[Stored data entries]
--- START ---

lemma recession_bounded_perturbation:
  assumes "cone S" and "recession_exists F S"
    and "\<And>M. M \<in> S \<Longrightarrow> \<bar>G M - c * F M\<bar> \<le> D"
  shows recession_exists_bounded_perturbation: "recession_exists G S"
    and recession_eq_bounded_perturbation: "M \<in> S \<Longrightarrow> recession G M = c * recession F M"
  using tendsto_recession_bounded_perturbation[OF assms(1,2) _ assms(3)] recession_eqI
  unfolding recession_exists_def by blast+

lemma convex_on_eq:
  assumes "convex_on S f" and "\<And>x. x \<in> S \<Longrightarrow> f x = g x"
  shows "convex_on S g"
proof (rule convex_onI)
  show S: "convex S" using assms(1) by (rule convex_on_imp_convex)
  fix t :: real and x y assume "0 < t" "t < 1" "x \<in> S" "y \<in> S"
  moreover from this have "(1 - t) *\<^sub>R x + t *\<^sub>R y \<in> S"
    using S by (simp add: convexD)
  ultimately show "g ((1 - t) *\<^sub>R x + t *\<^sub>R y) \<le> (1 - t) * g x + t * g y"
    using convex_onD[OF assms(1), of t x y] assms(2) by simp
qed

theorem proposition3p2:
  fixes F :: "real^'n^'n \<Rightarrow> real"
    and nrm :: "real^'n^'n \<Rightarrow> real"
    and \<iota> :: "'m::euclidean_space \<Rightarrow> real^'n^'n"
    and \<eta> :: "'m \<Rightarrow> real"
    and lam Lam :: real and eps :: real
  assumes dim: "DIM('m) = CARD('n) * (CARD('n) + 1) div 2"
    and iota_lin: "linear \<iota>" and iota_inj: "inj \<iota>" and iota_range: "range \<iota> = sym_mats"
    and nrm: "is_norm_on sym_mats nrm"
    and moll: "mollifier \<eta>"
    and lam_pos: "0 < lam" "lam \<le> Lam"
    and ellip: "\<And>M N. M \<in> sym_mats \<Longrightarrow> N \<in> sym_mats \<Longrightarrow> psd N \<Longrightarrow>
        lam * nrm N \<le> F (M + N) - F M \<and> F (M + N) - F M \<le> Lam * nrm N"
    and F0: "F 0 = 0"
    and rec_ex: "recession_exists F sym_mats"
    and rec_cvx: "convex_on sym_mats (recession F)"
    and eps_pos: "0 < eps"
  shows "recession_exists (mollified \<iota> \<eta> eps F) sym_mats
       \<and> convex_on sym_mats (recession (mollified \<iota> \<eta> eps F))"
proof -
  obtain K where K: "\<And>A. A \<in> sym_mats \<Longrightarrow> K-lipschitz_on UNIV (\<lambda>Q. F (A - \<iota> Q))"
    using elliptic_imp_lipschitz_on[OF iota_lin _ nrm _ lam_pos(2) ellip] iota_range lam_pos(1) by force
  define c where "c = integral\<^sup>L lborel (mollify \<eta> eps)"
  have c: "0 \<le> c"
    unfolding c_def using mollify_nonneg[OF moll eps_pos] by simp
  have "\<bar>mollified \<iota> \<eta> eps F A - c * F A\<bar> \<le> K * integral\<^sup>L lborel (\<lambda>Q. norm Q * mollify \<eta> eps Q)"
    if "A \<in> sym_mats" for A
    unfolding c_def using mollified_deviation_bound[OF iota_lin moll eps_pos K[OF that]] .
  note perturbation = recession_bounded_perturbation[OF subspace_imp_cone[OF subspace_sym_mats] rec_ex this]
  have "convex_on sym_mats (recession (mollified \<iota> \<eta> eps F))"
    using convex_on_cmul[OF c rec_cvx] by (rule convex_on_eq) (simp add: perturbation(2))
  with perturbation(1) show ?thesis by blast
qed

end
(* Let $L>0$, $g\in L^2(0,L;\mathbb{C})$, $\lambda_0=\int_0^L\overline{g(x)}dx$, $\lambda_k=\frac{2ik\pi}{L}$ for $k\in\mathbb{Z}\setminus\{0\}$, and assume $\lambda_0\ne\lambda_k$ for all $k\ne0$. Let $\tilde A^*$ be the operator on $L^2(0,L)$ with domain $D(\tilde A^* )=\{z\in H^1(0,L):z(L)=z(0)\}$, $\tilde A^*z(x)=-z'(x)+\int_0^L\overline{g(y)}z(y)dy$, and $\tilde B^*:D(\tilde A^* )\to\mathbb{C}$, $\tilde B^*z=z(L)$. Then $\ker(\lambda-\tilde A^* )\cap\ker\tilde B^*=\{0\}$ for every $\lambda\in\mathbb{C}$ if and only if $$1+\frac{1}{\lambda_k-\lambda_0}\int_0^L\overline{g(x)}e^{-\lambda_kx}dx\ne0\quad\text{for all }k\in\mathbb{Z}\setminus\{0\}.$$ *)

theory Defs
  imports "HOL-Analysis.Analysis"
begin

definition L2 :: "real \<Rightarrow> (real \<Rightarrow> complex) \<Rightarrow> bool" where
  "L2 L f \<longleftrightarrow> set_borel_measurable lebesgue {0..L} f
     \<and> set_integrable lebesgue {0..L} (\<lambda>x. (cmod (f x))\<^sup>2)"

text \<open>w is the (weak) L^2 derivative of z on (0,L), with z its absolutely
  continuous representative: z(x) = z(0) + integral of w over [0,x].\<close>
definition has_L2_deriv :: "real \<Rightarrow> (real \<Rightarrow> complex) \<Rightarrow> (real \<Rightarrow> complex) \<Rightarrow> bool" where
  "has_L2_deriv L z w \<longleftrightarrow> L2 L w \<and>
     (\<forall>x\<in>{0..L}. z x = z 0 + (LINT t:{0..x}|lebesgue. w t))"

definition H1 :: "real \<Rightarrow> (real \<Rightarrow> complex) \<Rightarrow> bool" where
  "H1 L z \<longleftrightarrow> L2 L z \<and> (\<exists>w. has_L2_deriv L z w)"

definition dom_Astar :: "real \<Rightarrow> (real \<Rightarrow> complex) set" where
  "dom_Astar L = {z. H1 L z \<and> z L = z 0}"

definition in_ker_Astar :: "real \<Rightarrow> (real \<Rightarrow> complex) \<Rightarrow> complex \<Rightarrow> (real \<Rightarrow> complex) \<Rightarrow> bool" where
  "in_ker_Astar L g lam z \<longleftrightarrow> z \<in> dom_Astar L \<and>
     (\<exists>w. has_L2_deriv L z w \<and>
        (AE x in lebesgue. x \<in> {0<..<L} \<longrightarrow>
           lam * z x = - w x + (LINT y:{0..L}|lebesgue. cnj (g y) * z y)))"
section \<open>Moments of the total population\<close>

locale gwi_critical = gwi_indep M xi eps
  for M :: "'a measure" and xi eps +
  fixes l :: nat
  assumes l: "1 \<le> l"
    and offspring_distr: "\<And>k j i. 1 \<le> k \<Longrightarrow> 1 \<le> j \<Longrightarrow> i = 1 \<or> i = 2 \<Longrightarrow>
           distr M (count_space UNIV) (xi k j i) = distr M (count_space UNIV) (xi 1 1 i)"
    and immigration_distr: "\<And>k. 1 \<le> k \<Longrightarrow>
           distr M (count_space UNIV) (eps k) = distr M (count_space UNIV) (eps 1)"
    and offspring_mean: "\<And>i. i = 1 \<or> i = 2 \<Longrightarrow> (\<integral>\<^sup>+\<omega>. ennreal (znorm1 (xi 1 1 i \<omega>)) \<partial>M) = 1"
    and offspring_moment: "\<And>i. i = 1 \<or> i = 2 \<Longrightarrow> (\<integral>\<^sup>+\<omega>. ennreal (znorm1 (xi 1 1 i \<omega>) ^ l) \<partial>M) < \<infinity>"
    and immigration_moment: "(\<integral>\<^sup>+\<omega>. ennreal (znorm1 (eps 1 \<omega>) ^ l) \<partial>M) < \<infinity>"
begin

lemma measurable_offspring:
  "1 \<le> k \<Longrightarrow> 1 \<le> j \<Longrightarrow> i = 1 \<or> i = 2 \<Longrightarrow> xi k j i \<in> measurable M (count_space UNIV)"
  using measurable_var[of "Inl (k, j, i)"] by simp

lemma measurable_immigration: "1 \<le> k \<Longrightarrow> eps k \<in> measurable M (count_space UNIV)"
  using measurable_var[of "Inr k"] by simp

lemma nn_integral_offspring:
  assumes "1 \<le> k" "1 \<le> j" "i = 1 \<or> i = 2"
  shows "(\<integral>\<^sup>+\<omega>. g (xi k j i \<omega>) \<partial>M) = (\<integral>\<^sup>+\<omega>. g (xi 1 1 i \<omega>) \<partial>M)"
  using assms by (intro nn_integral_cong_distr offspring_distr measurable_offspring) auto

lemma nn_integral_immigration:
  assumes "1 \<le> k"
  shows "(\<integral>\<^sup>+\<omega>. g (eps k \<omega>) \<partial>M) = (\<integral>\<^sup>+\<omega>. g (eps 1 \<omega>) \<partial>M)"
  using assms by (intro nn_integral_cong_distr immigration_distr measurable_immigration) auto

definition immigration_mean :: real where
  "immigration_mean = enn2real (\<integral>\<^sup>+\<omega>. ennreal (znorm1 (eps 1 \<omega>)) \<partial>M)"

definition moment_bound :: real where
  "moment_bound = 1 + immigration_mean + enn2real (\<integral>\<^sup>+\<omega>. ennreal (znorm1 (xi 1 1 1 \<omega>) ^ l) \<partial>M)
     + enn2real (\<integral>\<^sup>+\<omega>. ennreal (znorm1 (xi 1 1 2 \<omega>) ^ l) \<partial>M)
     + enn2real (\<integral>\<^sup>+\<omega>. ennreal (znorm1 (eps 1 \<omega>) ^ l) \<partial>M)"

lemma immigration_mean_nonneg: "0 \<le> immigration_mean"
  by (simp add: immigration_mean_def)

lemma moment_bound_ge: "1 \<le> moment_bound" "immigration_mean \<le> moment_bound"
  using immigration_mean_nonneg by (simp_all add: moment_bound_def)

--- END ---

* [Assignment] Give back the opening line of the records above and every line after it, up to and including the one with "t *\<^sub>R y)", unchanged.

* [Task solution]
lemma recession_bounded_perturbation:
  assumes "cone S" and "recession_exists F S"
    and "\<And>M. M \<in> S \<Longrightarrow> \<bar>G M - c * F M\<bar> \<le> D"
  shows recession_exists_bounded_perturbation: "recession_exists G S"
    and recession_eq_bounded_perturbation: "M \<in> S \<Longrightarrow> recession G M = c * recession F M"
  using tendsto_recession_bounded_perturbation[OF assms(1,2) _ assms(3)] recession_eqI
  unfolding recession_exists_def by blast+

lemma convex_on_eq:
  assumes "convex_on S f" and "\<And>x. x \<in> S \<Longrightarrow> f x = g x"
  shows "convex_on S g"
proof (rule convex_onI)
  show S: "convex S" using assms(1) by (rule convex_on_imp_convex)
  fix t :: real and x y assume "0 < t" "t < 1" "x \<in> S" "y \<in> S"
  moreover from this have "(1 - t) *\<^sub>R x + t *\<^sub>R y \<in> S"
    using S by (simp add: convexD)
  ultimately show "g ((1 - t) *\<^sub>R x + t *\<^sub>R y) \<le> (1 - t) * g x + t * g y"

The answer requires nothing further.